А для себя мы сделали тогда два открытия. Первое касалось того, насколько бережно надо относиться к стилистике литературного произведения. Дело было в том, что для одной нашей студентки не хватило роли, и мы решили написать ее сами, введя несколько эпизодов в каверинское повествование. Целую ночь, смеясь до упаду, мы сочиняли комическую Нюточку, чем-то близкую Людоедке-Элочке. Но у зрителей этот образ вызвал лишь недоумение. Он шел вразрез с духом повествования. Второе же открытие подарили репетиции с большим режиссером, которые, как я уже говорил, указали нам на недостаток мастерства. И мы продолжали добывать его с жадностью.

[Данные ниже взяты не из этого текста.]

lemma mat_adjoint_adjoint [simp]: "mat_adjoint (mat_adjoint A) = (A :: complex mat)"
  by (rule eq_matI) simp_all

lemma mat_adjoint_mult:
  assumes "A \<in> carrier_mat n k" "B \<in> carrier_mat k m"
  shows "mat_adjoint (A * B) = mat_adjoint B * mat_adjoint (A :: complex mat)"
  using assms by (intro eq_matI) (simp_all add: scalar_prod_def cnj_sum mult.commute)

lemma mat_adjoint_one [simp]: "mat_adjoint (1\<^sub>m n :: complex mat) = 1\<^sub>m n"
  by (rule eq_matI) simp_all

lemma mat_adjoint_zero [simp]: "mat_adjoint (0\<^sub>m n m :: complex mat) = 0\<^sub>m m n"
  by (rule eq_matI) simp_all

lemma mat_adjoint_four_block:
  assumes "A \<in> carrier_mat n1 n1" "B \<in> carrier_mat n1 n2"
    "C \<in> carrier_mat n2 n1" "D \<in> carrier_mat n2 n2"
  shows "mat_adjoint (four_block_mat A B C D)
    = four_block_mat (mat_adjoint A) (mat_adjoint C) (mat_adjoint B) (mat_adjoint (D :: complex mat))"
  using assms by (intro eq_matI) (auto simp: index_mat_four_block)

lemma mult_carrier_mat_square [simp]:
  "A \<in> carrier_mat n n \<Longrightarrow> B \<in> carrier_mat n n \<Longrightarrow> A * B \<in> carrier_mat n n"
  by (rule mult_carrier_mat)

lemma dim_mat_diag [simp]: "dim_row (mat_diag n f) = n" "dim_col (mat_diag n f) = n"
  by (simp_all add: mat_diag_def)

abbreviation rdiag :: "nat \<Rightarrow> (nat \<Rightarrow> real) \<Rightarrow> complex mat" where
  "rdiag n s \<equiv> mat_diag n (\<lambda>i. complex_of_real (s i))"

lemma mat_adjoint_rdiag [simp]: "mat_adjoint (rdiag n s) = rdiag n s"
  by (rule eq_matI) (auto simp: mat_diag_def)

lemma mat_adjoint_conj:
  assumes "(U :: complex mat) \<in> carrier_mat n n" "M \<in> carrier_mat n n"
  shows "mat_adjoint (U * M * mat_adjoint U) = U * mat_adjoint M * mat_adjoint U"
  using assms
  by (simp only: mat_adjoint_mult[OF mult_carrier_mat[OF assms] mat_adjoint_carrier[OF assms(1)]]
      mat_adjoint_mult[OF assms] mat_adjoint_adjoint) (simp add: assoc_mult_mat[of _ n n _ n _ n])

lemma cscalar_prod_self_pos:
  assumes "w \<in> carrier_vec n" "w \<noteq> 0\<^sub>v n"
  shows "w \<bullet>c w = complex_of_real (Re (w \<bullet>c w))" "0 < Re (w \<bullet>c w)"
proof -
  have "w \<bullet>c w > 0" using assms conjugate_square_greater_0_vec by blast
  then show "w \<bullet>c w = complex_of_real (Re (w \<bullet>c w))" "0 < Re (w \<bullet>c w)"
    by (simp_all add: less_complex_def complex_eq_iff)
qed

definition vec_normalize :: "complex vec \<Rightarrow> complex vec" where
  "vec_normalize w = complex_of_real (1 / sqrt (Re (w \<bullet>c w))) \<cdot>\<^sub>v w"

lemma vec_normalize_carrier [simp]: "w \<in> carrier_vec n \<Longrightarrow> vec_normalize w \<in> carrier_vec n"
  unfolding vec_normalize_def by simp

lemma cscalar_prod_vec_normalize:
  assumes "w \<in> carrier_vec n" "u \<in> carrier_vec n"
  shows "vec_normalize w \<bullet>c vec_normalize u
    = complex_of_real (1 / sqrt (Re (w \<bullet>c w)) * (1 / sqrt (Re (u \<bullet>c u)))) * (w \<bullet>c u)"
  using assms unfolding vec_normalize_def by (simp add: conjugate_smult_vec mult.assoc)

lemma vec_normalize_unit:
  assumes w: "w \<in> carrier_vec n" "w \<noteq> 0\<^sub>v n"
  shows "vec_normalize w \<bullet>c vec_normalize w = 1"
proof -
  define r where "r = Re (w \<bullet>c w)"
  have "w \<bullet>c w = complex_of_real r" "0 < r" using cscalar_prod_self_pos[OF w] by (simp_all add: r_def)
  then show ?thesis
    unfolding cscalar_prod_vec_normalize[OF w(1) w(1)] r_def[symmetric]
    by (simp flip: of_real_mult)
qed

lemma vec_normalize_id: "w \<bullet>c w = 1 \<Longrightarrow> vec_normalize w = w"
  unfolding vec_normalize_def by simp

lemma unitary_matD:
  assumes "unitary_mat n U"
  shows "U \<in> carrier_mat n n" "mat_adjoint U * U = 1\<^sub>m n" "U * mat_adjoint U = 1\<^sub>m n"
  using assms unfolding unitary_mat_def by auto

lemma unitary_mat_cancel:
  assumes "unitary_mat n U" "dim_row X = n"
  shows "mat_adjoint U * (U * X) = X" "U * (mat_adjoint U * X) = X"
proof -
  have U: "U \<in> carrier_mat n n" using unitary_matD[OF assms(1)] by auto
  have X: "X \<in> carrier_mat n (dim_col X)" using assms(2) by (intro carrier_matI) auto
  have "mat_adjoint U * (U * X) = (mat_adjoint U * U) * X"
    by (rule assoc_mult_mat[symmetric, OF mat_adjoint_carrier[OF U] U X])
  then show "mat_adjoint U * (U * X) = X" using unitary_matD(2)[OF assms(1)] X by simp
  have "U * (mat_adjoint U * X) = (U * mat_adjoint U) * X"
    by (rule assoc_mult_mat[symmetric, OF U mat_adjoint_carrier[OF U] X])
  then show "U * (mat_adjoint U * X) = X" using unitary_matD(3)[OF assms(1)] X by simp
qed

lemma unitary_mat_conj_cancel:
  assumes U: "unitary_mat n U" and M: "M \<in> carrier_mat n n"
  shows "mat_adjoint U * (U * M * mat_adjoint U) * U = M"
    and "U * (mat_adjoint U * M * U) * mat_adjoint U = M"
proof -
  note Uc = unitary_matD(1)[OF U]
  have "mat_adjoint U * (U * M * mat_adjoint U) * U = mat_adjoint U * (U * (M * (mat_adjoint U * U)))"
    using Uc M by (simp add: assoc_mult_mat[of _ n n _ n _ n])
  then show "mat_adjoint U * (U * M * mat_adjoint U) * U = M"
    using unitary_matD(2)[OF U] M by (simp add: unitary_mat_cancel[OF U])
  have "U * (mat_adjoint U * M * U) * mat_adjoint U = U * (mat_adjoint U * (M * (U * mat_adjoint U)))"
    using Uc M by (simp add: assoc_mult_mat[of _ n n _ n _ n])
  then show "U * (mat_adjoint U * M * U) * mat_adjoint U = M"
    using unitary_matD(3)[OF U] M by (simp add: unitary_mat_cancel[OF U])
qed

lemma unitary_mat_mult:
  assumes U: "unitary_mat n U" and V: "unitary_mat n V"
  shows "unitary_mat n (U * V)"
proof -
  note Uc = unitary_matD(1)[OF U] and Vc = unitary_matD(1)[OF V]
  have "mat_adjoint (U * V) * (U * V) = mat_adjoint V * (mat_adjoint U * (U * V))"
    using Uc Vc by (simp add: mat_adjoint_mult[OF Uc Vc] assoc_mult_mat[of _ n n _ n _ n])
  moreover have "(U * V) * mat_adjoint (U * V) = U * (V * (mat_adjoint V * mat_adjoint U))"
    using Uc Vc by (simp add: mat_adjoint_mult[OF Uc Vc] assoc_mult_mat[of _ n n _ n _ n])
  ultimately show ?thesis
    using Uc Vc unitary_matD[OF U] unitary_matD[OF V]
    by (simp add: unitary_mat_def unitary_mat_cancel[OF U] unitary_mat_cancel[OF V])
qed

lemma unitary_mat_of_orthonormal_cols:
  assumes W: "W \<in> carrier_mat n n"
    and orth: "\<And>i j. i < n \<Longrightarrow> j < n \<Longrightarrow> col W j \<bullet>c col W i = (if i = j then 1 else 0)"
  shows "unitary_mat n W"
proof -
  have WW: "mat_adjoint W * W = 1\<^sub>m n"
  proof (rule eq_matI)
    fix i j assume i: "i < dim_row (1\<^sub>m n :: complex mat)" and j: "j < dim_col (1\<^sub>m n :: complex mat)"
    have "(mat_adjoint W * W) $$ (i, j) = col W j \<bullet>c col W i"
      using i j W by (simp add: scalar_prod_def lessThan_atLeast0 mult.commute)
    then show "(mat_adjoint W * W) $$ (i, j) = 1\<^sub>m n $$ (i, j)" using orth i j by simp
  qed (use W in auto)
  then have "W * mat_adjoint W = 1\<^sub>m n"
    by (rule mat_mult_left_right_inverse[OF mat_adjoint_carrier[OF W] W])
  with W WW show ?thesis unfolding unitary_mat_def by blast
qed

section \<open>The spectral theorem for Hermitian matrices\<close>

text \<open>Complete the unit vector to a basis, orthogonalise by Gram--Schmidt (which keeps the first
  vector) and normalise.\<close>
lemma unitary_mat_with_first_col:
  assumes v: "v \<in> carrier_vec n" and v1: "v \<bullet>c v = 1" and n: "0 < n"
  shows "\<exists>W. unitary_mat n W \<and> col W 0 = v"
proof -
  have v0: "v \<noteq> 0\<^sub>v n" using v1 v by auto
  interpret cof_vec_space n "TYPE(complex)" .
  define b where "b = basis_completion v"
  from basis_completion[OF v v0, folded b_def]
  have b: "set b \<subseteq> carrier_vec n" and dist_b: "distinct b" and indep: "\<not> lin_dep (set b)"
    and hdb: "hd b = v" and len_b: "length b = n" by auto
  define ws where "ws = gram_schmidt n b"
  from gram_schmidt_result[OF b dist_b indep ws_def]
  have ws: "set ws \<subseteq> carrier_vec n" "corthogonal ws" "length ws = n" using len_b by auto
  from hdb len_b n obtain vs where "b = v # vs" by (cases b) auto
  then have "hd ws = v" unfolding ws_def using v by simp
  then have "ws ! 0 = v" using hd_conv_nth[of ws] n ws(3) by fastforce
  have wsi: "ws ! i \<in> carrier_vec n" if "i < n" for i using ws that by auto
  have wsnz: "ws ! i \<noteq> 0\<^sub>v n" if i: "i < n" for i
    using corthogonalD[OF ws(2)] i ws(3) by fastforce
  define W where "W = mat_of_cols n (map vec_normalize ws)"
  have W: "W \<in> carrier_mat n n"
    unfolding W_def using mat_of_cols_carrier(1)[of n "map vec_normalize ws"] ws(3) by simp
  have colW: "col W j = vec_normalize (ws ! j)" if "j < n" for j
    unfolding W_def using that ws(3) wsi by simp
  have "unitary_mat n W"
  proof (rule unitary_mat_of_orthonormal_cols[OF W])
    fix i j assume i: "i < n" and j: "j < n"
    show "col W j \<bullet>c col W i = (if i = j then 1 else 0)"
    proof (cases "i = j")
      case True
      then show ?thesis using colW[OF j] vec_normalize_unit[OF wsi[OF j] wsnz[OF j]] by simp
    next
      case False
      then have "ws ! j \<bullet>c ws ! i = 0" using corthogonalD[OF ws(2)] i j ws(3) by auto
      then show ?thesis
        using False colW[OF i] colW[OF j] cscalar_prod_vec_normalize[OF wsi[OF j] wsi[OF i]] by simp
    qed
  qed
  moreover have "col W 0 = v" using colW[OF n] \<open>ws ! 0 = v\<close> vec_normalize_id[OF v1] by simp
  ultimately show ?thesis by blast
qed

Научное общество, организованное Павлом Ивановичем Новицким, устраивало вечера интересных встреч. Помню, какое волнение охватило меня, когда я узнал, что к нам вместе с Иваном Семеновичем Козловским должен приехать Василий Иванович Качалов, что за ним уже отправился в Барвиху Вадим Русланов. Игра Качалова стала для меня первым настоящим потрясением. Я видел его в Тбилиси в 42-м году, когда учился в киноактерской школе. Он приехал к нам на гастроли вместе с Немировичем-Данченко, Тархановым и буквально перевернул все мои представления о пределе актерских возможностей.
Уже тогда красота голоса Качалова, его необыкновенная внешность были почти легендарными. Но мне впервые довелось увидеть его в «Анатэме» Л. Андреева. Выпяченная вперед челюсть, адский блеск глаз — сам сатана или человек, разъедающими вопросами, неукротимостью духа доведший себя до демонического состояния. А несколькими днями позже он предстал передо мной в образе Ричарда Третьего. Анну играла В. Анджапаридзе. В памяти жива мелодия их голосов. С чем ее можно сравнить? С музыкой Бетховена, со звучанием органа, с волшебным оркестром, состоящим из одних виолончелей...
И вот Василий Иванович должен был приехать к нам, студентам, чтобы говорить о тайнах актерской формы.
Талант и ремесло актера. Как сочетаются эти понятия? Вопрос вечный и неисчерпаемый. В связи с ним не могу не вспомнить о потрясении, которое позволил мне пережить А. Хорава исполнением роли Отелло.
Театр имени Шота Руставели был на гастролях в Москве. Великая трагедия Шекспира исполнялась на сцене театра Моссовета. Занятые в массовке вместе с М. Ульяновым, мы не могли отвести глаз от Хоравы и тогда, когда стояли рядом с ним на сцене, и тогда, когда находились за кулисами. Что может делать ревность с человеком, если из груди его исторгается крик, подобный рыку раненого тигра, от которого стынет кровь и мурашки бегут по коже? Каким темпераментом должен обладать актер, чтобы вот так играть, нет, жить на сцене? Дрожа за кулисами, я не знал, что получу ответ от самого Хоравы. Хотя произойдет это много лет спустя в Тбилиси, где я работал главным режиссером грузинского телевидения и вместе с Акакием Акакиевичем преподавал в театральном институте. Как-то речь зашла о природном даровании актера и Хорава сказал: «Все говорят о моем каком-то необыкновенном темпераменте. Это ерунда. Нет у меня никакого особого темперамента. Все дело в мастерстве, в умении увидеть и верно выстроить перспективу роли». Я возразил, напомнив ему о том зрительском впечатлении, которое оставлял его Отелло. Хорава усмехнулся и на глазах всех присутствующих стал превращаться в великого ревнивца, шаг за шагом выстраивая роль и комментируя создание образа. Не углубляясь в философию и психологию, он лишь показывал нам внешние черты, благодаря которым доносил до зрителей переживания Отелло, заставляя их верить в неукротимый темперамент мавра.
В начале действия душа Отелло открыта любви и радостно спокойна. Его походка, движения тела легки, игривы, как у домашнего котенка. Но уже здесь, впервые, рождается взрывающийся изнутри грудной рык при одной лишь мысли о возможной неверности любимой женщины. Но рык подавлен — мысль, как нелепая, отброшена. По мере закручивания интриги походка, движения Отелло меняются. Умело подброшенный платок — и нет больше игривого котенка. Это уже осторожная, коварная рысь, рык которой обнажает суть ее дикой кровожадной природы. Ну, а в финальных сценах перед нами человек, чья походка, пружинистое тело могут быть сравнимы лишь с движениями барса, тигра, готовых к прыжку. Его рык страшен. В нем — вызов и смертный приговор.
Неужели в шутливом ответе Тарханова на вопрос студентов киноактерской школы о том, что такое талант, заключалась правда? "Мне известно, — говорил Тарханов, — более восьмиста штампов актерской игры; мой брат знает на триста меньше. Чем больше штампов знает актер, тем он талантливее".